Os dois são países vizinhos. Há tempos que são amigos e parceiros econômicos inseparáveis. Mas os dois estão terminando 2023 com passos bem diferentes – um pra cá e outro bem pra lá. O Brasil vive o crescimento do otimismo, com o governo Lula apostando no desenvolvimento com mais justiça social. Nossa economia cresce 3%, contrariando todas as previsões pessimistas do início do ano. A inflação caiu para 4,2%, recuando ainda mais para os pobres, a 3,19%. A abertura de vagas de trabalho chegou a 1,78 milhão de novos postos de trabalho. O desemprego caiu para 7,7%, a menor taxa desde 2015. O consumo de alimentos aumentou e a desigualdade de renda diminuiu, segundo o índice de Gini medido pelo IPEA (Instituto de Pesquisa Econômica Aplicada), para 0,521. O crescimento da economia contribuiu muito, claro, mas é importante destacar também o reforço das transferências diretas (como o Bolsa Família, por exemplo).

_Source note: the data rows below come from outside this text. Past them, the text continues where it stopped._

lemma star_harmonic:
  assumes ok: "star_radius G v r" and \<Gamma>: "add_subgroup \<Gamma>" and L: "\<forall>e\<in>edges G. len G e \<in> \<Gamma>"
    and bal: "balanced_at G v c"
  shows "ZG_harmonic G \<Gamma> (star G v r) (star_coord G v c)"
  unfolding ZG_harmonic_def smooth_form_def
proof (intro conjI ballI allI impI)
  fix e a b assume e: "e \<in> edges G" and ab: "a < b \<and> {a..b} \<subseteq> on_edge G (star G v r) e"
  note F = star_coord_on_edge[OF ok e conjunct1[OF ab] conjunct2[OF ab], of _ c]
  show "\<exists>g. smooth_R g \<and> (\<forall>s\<in>{a..b}. snd (fun_form G (star_coord G v c)) e s = g s)"
  proof (cases "tail G e = v")
    case True
    then show ?thesis using F smooth_R_linear[of "real_of_int (c e)" 0]
      by (intro exI[of _ "\<lambda>s. real_of_int (c e) * s + 0"]) (auto simp: snd_fun_form)
  next
    case False
    then show ?thesis using F smooth_R_linear[of "- real_of_int (c e)" "real_of_int (c e) * len G e"]
      by (intro exI[of _ "\<lambda>s. - real_of_int (c e) * s + real_of_int (c e) * len G e"]) (auto simp: snd_fun_form)
  qed
  have "real_of_int (c e) * len G e \<in> \<Gamma>" "0 \<in> \<Gamma>"
    using add_subgroup_Ints_mult[OF \<Gamma>] L e \<Gamma> unfolding add_subgroup_def by auto
  then show "\<exists>c' d. c' \<in> \<int> \<and> d \<in> \<Gamma> \<and> c' * len G e + d \<in> \<Gamma> \<and>
      (\<forall>s\<in>{a..b}. star_coord G v c (param G e s) = c' * s + d)"
  proof (cases "tail G e = v")
    case True
    then show ?thesis using F \<open>real_of_int (c e) * len G e \<in> \<Gamma>\<close> \<open>0 \<in> \<Gamma>\<close>
      by (intro exI[of _ "real_of_int (c e)"] exI[of _ 0]) auto
  next
    case False
    then show ?thesis using F \<open>real_of_int (c e) * len G e \<in> \<Gamma>\<close> \<open>0 \<in> \<Gamma>\<close>
      by (intro exI[of _ "- real_of_int (c e)"] exI[of _ "real_of_int (c e) * len G e"]) auto
  qed
next
  fix w assume "w \<in> verts G - bdry G" "nbhd G (star G v r) (Vert w)"
  then show "vertex_cond G 0 0 (snd (fun_form G (star_coord G v c))) w"
    using star_vert[of w G v r] star_coord_vertex_cond[OF ok bal] unfolding nbhd_def by blast
qed (simp add: snd_fun_form ptval_fun_form)
lemma sum_permutes_Pow_fixpoints_except:
  assumes "finite S" "i \<in> S"
  shows "(\<Sum>\<tau> | \<tau> permutes S. \<Sum>F\<in>Pow (fixpoints_except S i \<tau>). g (S - F) \<tau>)
       = (\<Sum>\<beta> | \<beta> \<subseteq> S \<and> i \<in> \<beta>. \<Sum>\<sigma> | \<sigma> permutes \<beta>. g \<beta> \<sigma>)"
proof -
  have fixpoints_subset: "fixpoints_except S i \<tau> \<subseteq> S" for \<tau>
    by (auto simp: fixpoints_except_def)
  have "(\<Sum>\<tau> | \<tau> permutes S. \<Sum>F\<in>Pow (fixpoints_except S i \<tau>). g (S - F) \<tau>)
      = (\<Sum>(\<tau>, F)\<in>Sigma {\<tau>. \<tau> permutes S} (\<lambda>\<tau>. Pow (fixpoints_except S i \<tau>)). g (S - F) \<tau>)"
    using assms(1) fixpoints_subset
    by (intro sum.Sigma) (auto intro: finite_permutations finite_subset)
  also have "\<dots> = (\<Sum>(\<beta>, \<sigma>)\<in>Sigma {\<beta>. \<beta> \<subseteq> S \<and> i \<in> \<beta>} (\<lambda>\<beta>. {\<sigma>. \<sigma> permutes \<beta>}). g \<beta> \<sigma>)"
  proof (rule sum.reindex_bij_witness[where i="\<lambda>(\<beta>, \<sigma>). (\<sigma>, S - \<beta>)" and j="\<lambda>(\<tau>, F). (S - F, \<tau>)"])
    fix a assume "a \<in> Sigma {\<tau>. \<tau> permutes S} (\<lambda>\<tau>. Pow (fixpoints_except S i \<tau>))"
    then obtain \<tau> F where a: "a = (\<tau>, F)" "\<tau> permutes S" "F \<subseteq> fixpoints_except S i \<tau>"
      by auto
    then have "\<tau> permutes S - F" "i \<notin> F" "F \<subseteq> S"
      by (auto simp: fixpoints_except_def intro: permutes_superset)
    then show "(\<lambda>(\<beta>, \<sigma>). (\<sigma>, S - \<beta>)) ((\<lambda>(\<tau>, F). (S - F, \<tau>)) a) = a"
      and "(\<lambda>(\<tau>, F). (S - F, \<tau>)) a \<in> Sigma {\<beta>. \<beta> \<subseteq> S \<and> i \<in> \<beta>} (\<lambda>\<beta>. {\<sigma>. \<sigma> permutes \<beta>})"
      and "(case (\<lambda>(\<tau>, F). (S - F, \<tau>)) a of (\<beta>, \<sigma>) \<Rightarrow> g \<beta> \<sigma>) = (case a of (\<tau>, F) \<Rightarrow> g (S - F) \<tau>)"
      using a assms(2) by auto
  next
    fix b assume "b \<in> Sigma {\<beta>. \<beta> \<subseteq> S \<and> i \<in> \<beta>} (\<lambda>\<beta>. {\<sigma>. \<sigma> permutes \<beta>})"
    then obtain \<beta> \<sigma> where b: "b = (\<beta>, \<sigma>)" "\<beta> \<subseteq> S" "i \<in> \<beta>" "\<sigma> permutes \<beta>"
      by auto
    then have "\<sigma> permutes S" "S - \<beta> \<subseteq> fixpoints_except S i \<sigma>"
      by (auto simp: fixpoints_except_def permutes_subset permutes_not_in)
    then show "(\<lambda>(\<tau>, F). (S - F, \<tau>)) ((\<lambda>(\<beta>, \<sigma>). (\<sigma>, S - \<beta>)) b) = b"
      and "(\<lambda>(\<beta>, \<sigma>). (\<sigma>, S - \<beta>)) b \<in> Sigma {\<tau>. \<tau> permutes S} (\<lambda>\<tau>. Pow (fixpoints_except S i \<tau>))"
      using b by auto
  qed
  also have "\<dots> = (\<Sum>\<beta> | \<beta> \<subseteq> S \<and> i \<in> \<beta>. \<Sum>\<sigma> | \<sigma> permutes \<beta>. g \<beta> \<sigma>)"
    using assms(1)
    by (intro sum.Sigma[symmetric]) (auto intro: finite_permutations finite_subset)
  finally show ?thesis .
qed
lemma chebyshev_T_conv_sum_mangoldt:
  "chebyshev_T n = (\<Sum>m\<le>n. mangoldt m * real_of_int (chebyshev_weight (n div m)))"
proof -
  have "chebyshev_T n = (\<Sum>m\<le>n. mangoldt m * real (n div m)) - (\<Sum>m\<le>n. mangoldt m * real (n div m div 2))
     - (\<Sum>m\<le>n. mangoldt m * real (n div m div 3)) - (\<Sum>m\<le>n. mangoldt m * real (n div m div 5))
     + (\<Sum>m\<le>n. mangoldt m * real (n div m div 30))"
    unfolding chebyshev_T_def ln_fact_conv_sum_mangoldt[of n]
      ln_fact_div_conv_sum_mangoldt[of 2 n, simplified] ln_fact_div_conv_sum_mangoldt[of 3 n, simplified]
      ln_fact_div_conv_sum_mangoldt[of 5 n, simplified] ln_fact_div_conv_sum_mangoldt[of 30 n, simplified] ..
  also have "\<dots> = (\<Sum>m\<le>n. mangoldt m * real_of_int (chebyshev_weight (n div m)))"
    by (simp only: sum_subtractf[symmetric] sum.distrib[symmetric])
      (intro sum.cong refl, simp add: chebyshev_weight_def algebra_simps)
  finally show ?thesis .
qed

lemma chebyshev_T_le_primes_psi: "chebyshev_T n \<le> primes_psi n"
  unfolding chebyshev_T_conv_sum_mangoldt primes_psi_def
proof (rule sum_mono)
  fix m
  show "mangoldt m * real_of_int (chebyshev_weight (n div m)) \<le> mangoldt m"
    using chebyshev_weight_0_or_1[of "n div m"] mangoldt_nonneg[of m] by auto
qed

lemma primes_psi_diff_le_chebyshev_T: "primes_psi n - primes_psi (n div 6) \<le> chebyshev_T n"
proof -
  have "primes_psi n - primes_psi (n div 6) = (\<Sum>m\<in>{..n} - {..n div 6}. mangoldt m)"
    unfolding primes_psi_def by (subst sum_diff) auto
  also have "\<dots> = (\<Sum>m\<in>{..n} - {..n div 6}. mangoldt m * real_of_int (chebyshev_weight (n div m)))"
  proof (intro sum.cong refl)
    fix m assume "m \<in> {..n} - {..n div 6}"
    then have "n div 6 < m" "m \<le> n" by auto
    then have "n < m * 6" "0 < m"
      using div_less_iff_less_mult[of 6 n m] by auto
    then have "1 \<le> n div m" "n div m \<le> 5"
      using \<open>m \<le> n\<close> div_less_iff_less_mult[of m n 6] div_greater_zero_iff[of n m]
      by (auto simp: mult.commute)
    then show "mangoldt m = mangoldt m * real_of_int (chebyshev_weight (n div m))"
      by (simp add: chebyshev_weight_eq_1)
  qed
  also have "\<dots> \<le> chebyshev_T n"
    unfolding chebyshev_T_conv_sum_mangoldt
  proof (rule sum_mono2)
    fix m
    show "0 \<le> mangoldt m * real_of_int (chebyshev_weight (n div m))"
      using chebyshev_weight_0_or_1[of "n div m"] mangoldt_nonneg[of m] by auto
  qed auto
  finally show ?thesis .
qed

Isso tudo foi no primeiro ano do governo Lula – apesar das previsões em contrário e da tentativa idiota de golpe no dia 8 de janeiro. Na verdade, até ajudou a fortalecer a resistência a qualquer avanço fascista de Bolsonaro. Os obstáculos continuam imensos para alcançar a meta perseguida por Lula: a superação do ódio largado pelo período bolsonárico e sua substituição por um ambiente político marcado pela tolerância e o entendimento no trato das diferenças. Na Argentina, a situação é oposta. Até que vinha tentando se livrar da herança deixada pelo governo de Mauricio Macri (2015-2019) que havia contraído a maior dívida externa do mundo. Foram 100 bilhões de dólares, dos quais 86% desapareceram. Mas a escolha pelo retorno de Javier Milei parece coisa de masoquista feita pelo eleitor iludido. Milei age como ditador, governa por decretazo inconstitucional destinado a instituir ou derrubar 365 leis debatidas democraticamente. Ele ameaça punir os beneficiários de programas sociais que compareçam a manifestações, faz desvalorização severa do peso (116%) enquanto ameaça a repressão aos sindicatos de trabalhadores e associações de defesa dos pobres, dos aposentados e dos povos originários. Milei simplesmente repete o programa devastador liberal da ditadura militar que devastou a democracia e a economia do país entre 1976 e1983.
A liberação dos controles de preços ameaça mergulhar a economia na hiperinflação, sem qualquer proteção do poder de compra dos assalariados, dos pensionistas e dos vulneráveis. A "lógica" do experimento ultraliberal tem tudo a ver com o extremismo regressivo na política, empurrado pela mídia de direita e hordas das redes sociais. Demonizam especialmente os trabalhadores, suas entidades e o peronismo pelas dificuldades do país.
Já começou a resistência a partir das centrais sindicais e da população que espontaneamente se manifesta em panelaços. O peronismo, com todas as suas contradições e mazelas, inspira ódio que vem de sua trajetória lado a lado com os trabalhadores ao longo da história argentina. O peronismo continua sendo, essencialmente, a expressão política da ideia de que o Estado tem que proteger e beneficiar os necessitados. Nisso, foi inovador. Sua identificação com os pobres lhe rende o ódio das elites, de sua mídia e de toda forma de preconceito intelectual. Mas a essência de sua política tem tudo a ver com os governos do nosso PT.
Se os protofascismos de Milei e Bolsonaro tanto se assemelham, as resistências a eles também têm o mesmo compasso. Como aconteceu com Bolsonaro, Milei será riscado do mapa latino-americano. Será apenas o pesadelo de uma noite de terror.